Find every line in the records below that holds the word "induction", and copy it out.

[Data entries]
-.-.-

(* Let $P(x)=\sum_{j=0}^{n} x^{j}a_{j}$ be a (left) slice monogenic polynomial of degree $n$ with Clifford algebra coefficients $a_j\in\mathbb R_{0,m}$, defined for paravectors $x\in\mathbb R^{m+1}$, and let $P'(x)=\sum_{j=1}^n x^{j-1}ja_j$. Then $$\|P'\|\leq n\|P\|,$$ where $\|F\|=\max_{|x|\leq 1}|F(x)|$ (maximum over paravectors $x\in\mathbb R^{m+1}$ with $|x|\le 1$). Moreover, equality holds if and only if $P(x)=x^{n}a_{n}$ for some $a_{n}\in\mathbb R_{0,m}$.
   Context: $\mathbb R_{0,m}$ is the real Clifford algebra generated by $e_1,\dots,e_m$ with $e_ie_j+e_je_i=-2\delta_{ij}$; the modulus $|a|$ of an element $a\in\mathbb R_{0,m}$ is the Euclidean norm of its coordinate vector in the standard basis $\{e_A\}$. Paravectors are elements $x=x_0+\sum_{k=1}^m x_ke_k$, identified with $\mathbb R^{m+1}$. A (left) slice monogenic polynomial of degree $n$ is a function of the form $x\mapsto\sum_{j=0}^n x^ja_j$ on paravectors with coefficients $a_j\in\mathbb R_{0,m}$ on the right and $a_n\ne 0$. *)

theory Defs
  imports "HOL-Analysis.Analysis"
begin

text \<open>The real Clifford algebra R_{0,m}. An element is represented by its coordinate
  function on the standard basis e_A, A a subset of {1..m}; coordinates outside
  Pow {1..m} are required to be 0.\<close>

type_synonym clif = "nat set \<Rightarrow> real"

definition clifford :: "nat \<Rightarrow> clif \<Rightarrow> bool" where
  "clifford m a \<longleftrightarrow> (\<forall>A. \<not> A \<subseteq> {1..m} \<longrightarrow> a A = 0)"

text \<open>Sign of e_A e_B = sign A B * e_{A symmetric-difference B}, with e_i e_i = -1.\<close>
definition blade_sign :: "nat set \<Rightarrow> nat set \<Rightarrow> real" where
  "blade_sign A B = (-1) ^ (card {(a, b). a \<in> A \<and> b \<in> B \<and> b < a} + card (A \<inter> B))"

-.-.-

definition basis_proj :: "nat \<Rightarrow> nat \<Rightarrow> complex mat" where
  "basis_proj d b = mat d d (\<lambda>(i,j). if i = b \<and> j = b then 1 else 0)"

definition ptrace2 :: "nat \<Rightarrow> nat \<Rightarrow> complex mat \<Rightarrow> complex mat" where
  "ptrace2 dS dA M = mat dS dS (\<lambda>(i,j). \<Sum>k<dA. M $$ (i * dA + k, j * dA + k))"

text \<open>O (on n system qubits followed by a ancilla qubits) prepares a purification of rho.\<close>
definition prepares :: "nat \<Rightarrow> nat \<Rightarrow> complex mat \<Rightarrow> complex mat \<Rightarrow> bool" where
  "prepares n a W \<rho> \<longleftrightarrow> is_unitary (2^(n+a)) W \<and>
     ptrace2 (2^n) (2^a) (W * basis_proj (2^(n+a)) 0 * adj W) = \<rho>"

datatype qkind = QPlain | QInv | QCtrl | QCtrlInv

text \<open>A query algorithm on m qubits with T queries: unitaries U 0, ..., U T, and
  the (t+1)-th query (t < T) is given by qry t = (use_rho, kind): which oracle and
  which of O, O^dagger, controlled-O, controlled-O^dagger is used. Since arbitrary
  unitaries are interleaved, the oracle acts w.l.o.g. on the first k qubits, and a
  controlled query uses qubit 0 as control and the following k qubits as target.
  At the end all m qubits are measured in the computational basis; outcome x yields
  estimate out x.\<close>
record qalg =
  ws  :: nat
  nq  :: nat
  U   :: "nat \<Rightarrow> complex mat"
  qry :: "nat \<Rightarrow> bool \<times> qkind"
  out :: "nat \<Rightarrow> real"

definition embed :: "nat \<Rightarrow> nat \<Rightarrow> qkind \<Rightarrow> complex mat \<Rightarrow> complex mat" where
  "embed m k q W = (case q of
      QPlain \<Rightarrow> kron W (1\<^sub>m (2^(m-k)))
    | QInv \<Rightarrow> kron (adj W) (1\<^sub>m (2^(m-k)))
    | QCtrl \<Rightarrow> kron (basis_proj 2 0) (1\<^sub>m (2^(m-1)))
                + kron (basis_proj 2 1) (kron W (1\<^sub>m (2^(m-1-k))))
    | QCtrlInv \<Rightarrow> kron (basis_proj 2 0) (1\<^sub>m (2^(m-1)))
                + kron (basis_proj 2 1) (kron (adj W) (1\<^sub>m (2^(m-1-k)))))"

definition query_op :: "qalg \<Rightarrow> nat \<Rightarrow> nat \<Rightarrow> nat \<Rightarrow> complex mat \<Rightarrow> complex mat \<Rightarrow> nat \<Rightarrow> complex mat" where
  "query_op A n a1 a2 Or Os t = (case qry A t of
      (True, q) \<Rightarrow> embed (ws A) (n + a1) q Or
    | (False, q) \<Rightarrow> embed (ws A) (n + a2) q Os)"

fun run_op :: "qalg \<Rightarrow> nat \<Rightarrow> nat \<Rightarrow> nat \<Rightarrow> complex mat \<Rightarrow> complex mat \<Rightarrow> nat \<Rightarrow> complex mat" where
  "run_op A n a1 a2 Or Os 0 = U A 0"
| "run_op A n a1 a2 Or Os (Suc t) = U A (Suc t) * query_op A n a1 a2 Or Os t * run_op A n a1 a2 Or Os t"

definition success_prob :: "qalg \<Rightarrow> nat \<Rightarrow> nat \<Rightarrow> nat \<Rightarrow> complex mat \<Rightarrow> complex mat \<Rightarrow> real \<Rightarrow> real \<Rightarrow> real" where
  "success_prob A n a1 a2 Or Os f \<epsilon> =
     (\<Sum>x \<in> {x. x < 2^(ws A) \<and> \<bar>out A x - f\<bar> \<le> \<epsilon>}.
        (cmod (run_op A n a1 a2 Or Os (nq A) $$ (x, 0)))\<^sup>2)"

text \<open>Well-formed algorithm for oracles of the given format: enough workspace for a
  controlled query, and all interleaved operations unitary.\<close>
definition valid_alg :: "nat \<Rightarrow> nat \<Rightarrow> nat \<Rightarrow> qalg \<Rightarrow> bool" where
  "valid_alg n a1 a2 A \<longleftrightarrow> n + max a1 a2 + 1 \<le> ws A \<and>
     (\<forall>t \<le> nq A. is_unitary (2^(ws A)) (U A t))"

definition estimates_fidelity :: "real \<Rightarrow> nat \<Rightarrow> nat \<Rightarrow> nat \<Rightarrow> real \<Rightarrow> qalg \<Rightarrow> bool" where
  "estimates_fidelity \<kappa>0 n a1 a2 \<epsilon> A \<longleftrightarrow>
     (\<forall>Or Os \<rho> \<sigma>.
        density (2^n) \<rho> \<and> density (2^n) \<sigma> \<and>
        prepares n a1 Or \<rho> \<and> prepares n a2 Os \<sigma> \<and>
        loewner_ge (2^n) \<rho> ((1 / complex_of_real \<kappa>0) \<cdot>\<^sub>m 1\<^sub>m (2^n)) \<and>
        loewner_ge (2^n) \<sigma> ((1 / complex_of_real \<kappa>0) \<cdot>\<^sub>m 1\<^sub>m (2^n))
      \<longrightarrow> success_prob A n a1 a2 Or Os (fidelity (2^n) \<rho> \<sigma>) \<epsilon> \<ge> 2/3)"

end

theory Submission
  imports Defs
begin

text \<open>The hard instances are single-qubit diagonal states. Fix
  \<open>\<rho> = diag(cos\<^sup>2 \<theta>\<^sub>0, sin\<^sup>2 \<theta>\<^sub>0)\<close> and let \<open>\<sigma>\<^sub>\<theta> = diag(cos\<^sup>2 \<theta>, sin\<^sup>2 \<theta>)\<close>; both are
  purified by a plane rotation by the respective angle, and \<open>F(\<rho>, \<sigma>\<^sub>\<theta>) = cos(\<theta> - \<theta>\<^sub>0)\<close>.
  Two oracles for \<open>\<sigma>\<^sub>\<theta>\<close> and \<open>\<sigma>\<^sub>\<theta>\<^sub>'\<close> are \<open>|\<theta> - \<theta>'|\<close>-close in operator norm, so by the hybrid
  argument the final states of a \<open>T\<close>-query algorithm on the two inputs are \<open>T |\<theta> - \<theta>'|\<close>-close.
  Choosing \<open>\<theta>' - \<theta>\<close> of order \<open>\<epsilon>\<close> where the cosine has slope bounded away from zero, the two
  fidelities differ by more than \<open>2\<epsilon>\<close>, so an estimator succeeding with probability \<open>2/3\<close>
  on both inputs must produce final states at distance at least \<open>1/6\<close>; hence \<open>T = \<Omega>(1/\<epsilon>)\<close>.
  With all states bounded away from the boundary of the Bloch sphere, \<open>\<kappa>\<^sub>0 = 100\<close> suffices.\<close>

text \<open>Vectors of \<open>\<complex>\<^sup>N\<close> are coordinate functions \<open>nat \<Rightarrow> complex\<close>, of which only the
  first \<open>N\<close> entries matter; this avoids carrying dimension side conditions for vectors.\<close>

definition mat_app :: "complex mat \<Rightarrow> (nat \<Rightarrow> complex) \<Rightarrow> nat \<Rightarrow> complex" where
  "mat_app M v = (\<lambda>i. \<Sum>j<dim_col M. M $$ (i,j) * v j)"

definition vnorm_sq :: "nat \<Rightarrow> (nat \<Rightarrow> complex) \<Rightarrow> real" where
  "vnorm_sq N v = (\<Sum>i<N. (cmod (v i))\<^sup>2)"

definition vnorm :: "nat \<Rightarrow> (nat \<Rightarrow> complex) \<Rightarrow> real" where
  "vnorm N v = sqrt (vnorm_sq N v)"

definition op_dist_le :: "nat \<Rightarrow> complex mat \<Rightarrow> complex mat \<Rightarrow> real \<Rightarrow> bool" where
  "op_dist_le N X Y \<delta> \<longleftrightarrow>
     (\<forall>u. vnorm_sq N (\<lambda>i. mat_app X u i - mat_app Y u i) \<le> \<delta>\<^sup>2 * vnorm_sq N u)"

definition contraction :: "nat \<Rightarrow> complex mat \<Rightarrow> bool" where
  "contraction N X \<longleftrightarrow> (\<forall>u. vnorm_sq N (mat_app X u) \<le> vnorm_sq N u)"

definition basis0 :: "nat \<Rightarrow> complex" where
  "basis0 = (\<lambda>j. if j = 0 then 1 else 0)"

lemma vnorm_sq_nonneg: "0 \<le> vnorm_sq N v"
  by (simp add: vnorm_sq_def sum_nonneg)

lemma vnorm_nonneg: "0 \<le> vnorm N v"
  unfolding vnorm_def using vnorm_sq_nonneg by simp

-.-.-

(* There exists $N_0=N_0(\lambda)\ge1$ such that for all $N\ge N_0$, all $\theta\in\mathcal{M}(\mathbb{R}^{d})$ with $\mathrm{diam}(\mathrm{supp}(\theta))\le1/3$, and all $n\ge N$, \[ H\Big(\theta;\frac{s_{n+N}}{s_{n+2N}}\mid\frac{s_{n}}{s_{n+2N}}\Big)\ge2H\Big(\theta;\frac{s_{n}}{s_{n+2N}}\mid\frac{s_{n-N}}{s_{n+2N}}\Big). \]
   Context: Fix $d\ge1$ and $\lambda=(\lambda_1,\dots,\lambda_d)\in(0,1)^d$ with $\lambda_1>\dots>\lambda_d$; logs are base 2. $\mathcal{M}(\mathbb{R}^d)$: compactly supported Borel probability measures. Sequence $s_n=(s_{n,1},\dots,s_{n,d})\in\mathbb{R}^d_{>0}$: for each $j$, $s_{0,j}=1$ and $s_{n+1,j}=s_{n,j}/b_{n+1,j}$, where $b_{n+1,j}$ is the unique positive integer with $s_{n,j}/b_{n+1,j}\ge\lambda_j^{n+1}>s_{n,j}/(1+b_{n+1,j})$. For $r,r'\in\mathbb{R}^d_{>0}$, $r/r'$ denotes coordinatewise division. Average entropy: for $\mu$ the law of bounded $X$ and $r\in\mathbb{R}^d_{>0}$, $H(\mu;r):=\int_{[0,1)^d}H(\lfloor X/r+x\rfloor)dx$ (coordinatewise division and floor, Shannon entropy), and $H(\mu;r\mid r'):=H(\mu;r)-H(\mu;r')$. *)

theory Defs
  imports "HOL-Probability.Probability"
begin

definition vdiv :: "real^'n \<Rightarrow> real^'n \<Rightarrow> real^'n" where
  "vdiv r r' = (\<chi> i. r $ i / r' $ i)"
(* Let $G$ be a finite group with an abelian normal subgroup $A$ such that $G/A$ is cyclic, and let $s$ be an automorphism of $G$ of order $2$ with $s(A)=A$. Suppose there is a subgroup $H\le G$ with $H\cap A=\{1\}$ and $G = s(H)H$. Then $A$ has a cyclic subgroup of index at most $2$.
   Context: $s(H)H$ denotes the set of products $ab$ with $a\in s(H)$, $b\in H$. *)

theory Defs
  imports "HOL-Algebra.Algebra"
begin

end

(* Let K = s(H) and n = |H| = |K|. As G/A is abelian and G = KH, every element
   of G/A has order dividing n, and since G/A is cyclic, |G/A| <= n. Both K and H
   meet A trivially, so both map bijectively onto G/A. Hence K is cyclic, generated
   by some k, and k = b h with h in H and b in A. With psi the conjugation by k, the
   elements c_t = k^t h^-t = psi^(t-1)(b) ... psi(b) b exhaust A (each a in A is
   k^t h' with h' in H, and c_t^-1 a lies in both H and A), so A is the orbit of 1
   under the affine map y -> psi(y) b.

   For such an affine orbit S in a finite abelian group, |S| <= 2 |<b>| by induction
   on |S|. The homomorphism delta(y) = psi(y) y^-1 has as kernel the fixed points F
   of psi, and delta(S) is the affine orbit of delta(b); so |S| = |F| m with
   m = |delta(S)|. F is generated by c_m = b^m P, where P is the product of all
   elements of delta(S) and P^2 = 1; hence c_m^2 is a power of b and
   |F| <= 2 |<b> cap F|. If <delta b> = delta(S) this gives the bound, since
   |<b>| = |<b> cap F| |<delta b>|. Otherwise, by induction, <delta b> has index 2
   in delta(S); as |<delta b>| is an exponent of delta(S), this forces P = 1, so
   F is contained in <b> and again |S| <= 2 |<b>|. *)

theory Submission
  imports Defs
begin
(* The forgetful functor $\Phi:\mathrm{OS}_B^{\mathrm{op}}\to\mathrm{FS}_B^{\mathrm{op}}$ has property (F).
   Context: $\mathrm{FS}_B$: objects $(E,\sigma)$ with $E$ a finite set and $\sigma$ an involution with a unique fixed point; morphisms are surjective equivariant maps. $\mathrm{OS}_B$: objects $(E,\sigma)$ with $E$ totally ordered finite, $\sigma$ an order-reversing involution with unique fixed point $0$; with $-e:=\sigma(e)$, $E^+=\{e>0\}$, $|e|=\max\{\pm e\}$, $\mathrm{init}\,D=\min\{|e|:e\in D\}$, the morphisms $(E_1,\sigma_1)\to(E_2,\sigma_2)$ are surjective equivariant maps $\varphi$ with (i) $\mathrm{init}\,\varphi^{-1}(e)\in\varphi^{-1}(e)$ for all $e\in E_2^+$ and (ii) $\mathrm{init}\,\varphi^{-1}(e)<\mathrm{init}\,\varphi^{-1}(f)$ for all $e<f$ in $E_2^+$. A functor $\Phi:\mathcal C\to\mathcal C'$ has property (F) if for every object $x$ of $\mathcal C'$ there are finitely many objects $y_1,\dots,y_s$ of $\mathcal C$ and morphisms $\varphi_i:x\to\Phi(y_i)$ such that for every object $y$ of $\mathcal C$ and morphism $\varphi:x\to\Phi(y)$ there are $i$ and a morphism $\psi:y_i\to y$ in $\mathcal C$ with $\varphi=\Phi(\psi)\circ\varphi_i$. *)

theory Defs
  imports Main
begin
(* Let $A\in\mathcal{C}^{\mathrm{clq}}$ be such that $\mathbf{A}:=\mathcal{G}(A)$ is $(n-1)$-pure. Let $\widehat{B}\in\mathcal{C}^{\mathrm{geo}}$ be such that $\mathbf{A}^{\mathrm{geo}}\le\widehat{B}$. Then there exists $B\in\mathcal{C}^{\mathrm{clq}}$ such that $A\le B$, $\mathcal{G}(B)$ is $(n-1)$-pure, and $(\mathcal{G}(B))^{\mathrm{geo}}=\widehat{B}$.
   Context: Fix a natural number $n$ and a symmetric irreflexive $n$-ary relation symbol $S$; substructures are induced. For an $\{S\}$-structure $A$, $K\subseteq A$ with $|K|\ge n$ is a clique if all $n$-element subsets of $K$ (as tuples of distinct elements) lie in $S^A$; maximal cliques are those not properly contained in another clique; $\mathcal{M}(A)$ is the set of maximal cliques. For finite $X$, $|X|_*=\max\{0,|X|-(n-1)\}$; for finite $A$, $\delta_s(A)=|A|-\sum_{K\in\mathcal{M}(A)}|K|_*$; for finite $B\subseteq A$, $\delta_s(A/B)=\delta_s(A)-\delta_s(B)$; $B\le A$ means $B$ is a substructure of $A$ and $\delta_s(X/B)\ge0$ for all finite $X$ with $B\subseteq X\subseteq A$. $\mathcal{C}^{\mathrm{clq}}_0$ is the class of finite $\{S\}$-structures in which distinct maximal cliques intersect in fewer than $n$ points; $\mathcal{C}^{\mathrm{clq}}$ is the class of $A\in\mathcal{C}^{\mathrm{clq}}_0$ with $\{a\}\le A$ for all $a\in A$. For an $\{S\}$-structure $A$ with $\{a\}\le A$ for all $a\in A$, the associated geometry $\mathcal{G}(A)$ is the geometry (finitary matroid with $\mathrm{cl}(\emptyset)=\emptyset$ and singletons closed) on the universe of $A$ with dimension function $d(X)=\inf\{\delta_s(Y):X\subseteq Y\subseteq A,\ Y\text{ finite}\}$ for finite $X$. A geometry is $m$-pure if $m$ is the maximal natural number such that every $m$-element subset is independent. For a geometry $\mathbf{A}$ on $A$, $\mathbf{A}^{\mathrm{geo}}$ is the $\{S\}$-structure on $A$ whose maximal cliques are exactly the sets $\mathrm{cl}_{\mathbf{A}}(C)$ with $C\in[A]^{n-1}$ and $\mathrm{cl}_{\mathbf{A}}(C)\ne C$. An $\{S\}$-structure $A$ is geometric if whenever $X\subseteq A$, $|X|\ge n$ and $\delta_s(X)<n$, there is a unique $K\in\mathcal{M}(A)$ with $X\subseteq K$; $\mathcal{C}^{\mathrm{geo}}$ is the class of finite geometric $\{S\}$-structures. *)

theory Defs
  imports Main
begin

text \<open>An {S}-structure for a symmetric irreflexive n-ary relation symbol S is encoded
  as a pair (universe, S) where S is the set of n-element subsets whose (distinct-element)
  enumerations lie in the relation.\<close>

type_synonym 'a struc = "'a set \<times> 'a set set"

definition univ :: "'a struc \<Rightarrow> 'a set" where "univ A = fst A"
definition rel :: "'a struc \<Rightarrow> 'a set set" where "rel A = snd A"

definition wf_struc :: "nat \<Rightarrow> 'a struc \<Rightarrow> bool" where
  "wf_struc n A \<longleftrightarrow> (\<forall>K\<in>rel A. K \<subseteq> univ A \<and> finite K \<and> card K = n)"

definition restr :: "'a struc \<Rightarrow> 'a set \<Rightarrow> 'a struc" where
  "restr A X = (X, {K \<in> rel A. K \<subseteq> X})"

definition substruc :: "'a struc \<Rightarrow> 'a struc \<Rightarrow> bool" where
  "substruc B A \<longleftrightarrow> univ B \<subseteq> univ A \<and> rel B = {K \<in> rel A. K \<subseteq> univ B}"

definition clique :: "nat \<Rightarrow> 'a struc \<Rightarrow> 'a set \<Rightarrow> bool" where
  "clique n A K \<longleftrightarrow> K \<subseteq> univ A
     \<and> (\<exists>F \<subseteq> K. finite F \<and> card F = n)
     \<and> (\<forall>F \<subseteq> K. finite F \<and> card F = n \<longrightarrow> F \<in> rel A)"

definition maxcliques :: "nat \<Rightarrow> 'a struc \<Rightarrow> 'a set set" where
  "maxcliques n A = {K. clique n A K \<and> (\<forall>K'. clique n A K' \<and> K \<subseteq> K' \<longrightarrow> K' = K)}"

-.-.-

• Result
   For such an affine orbit S in a finite abelian group, |S| <= 2 |<b>| by induction
   |<b>| = |<b> cap F| |<delta b>|. Otherwise, by induction, <delta b> has index 2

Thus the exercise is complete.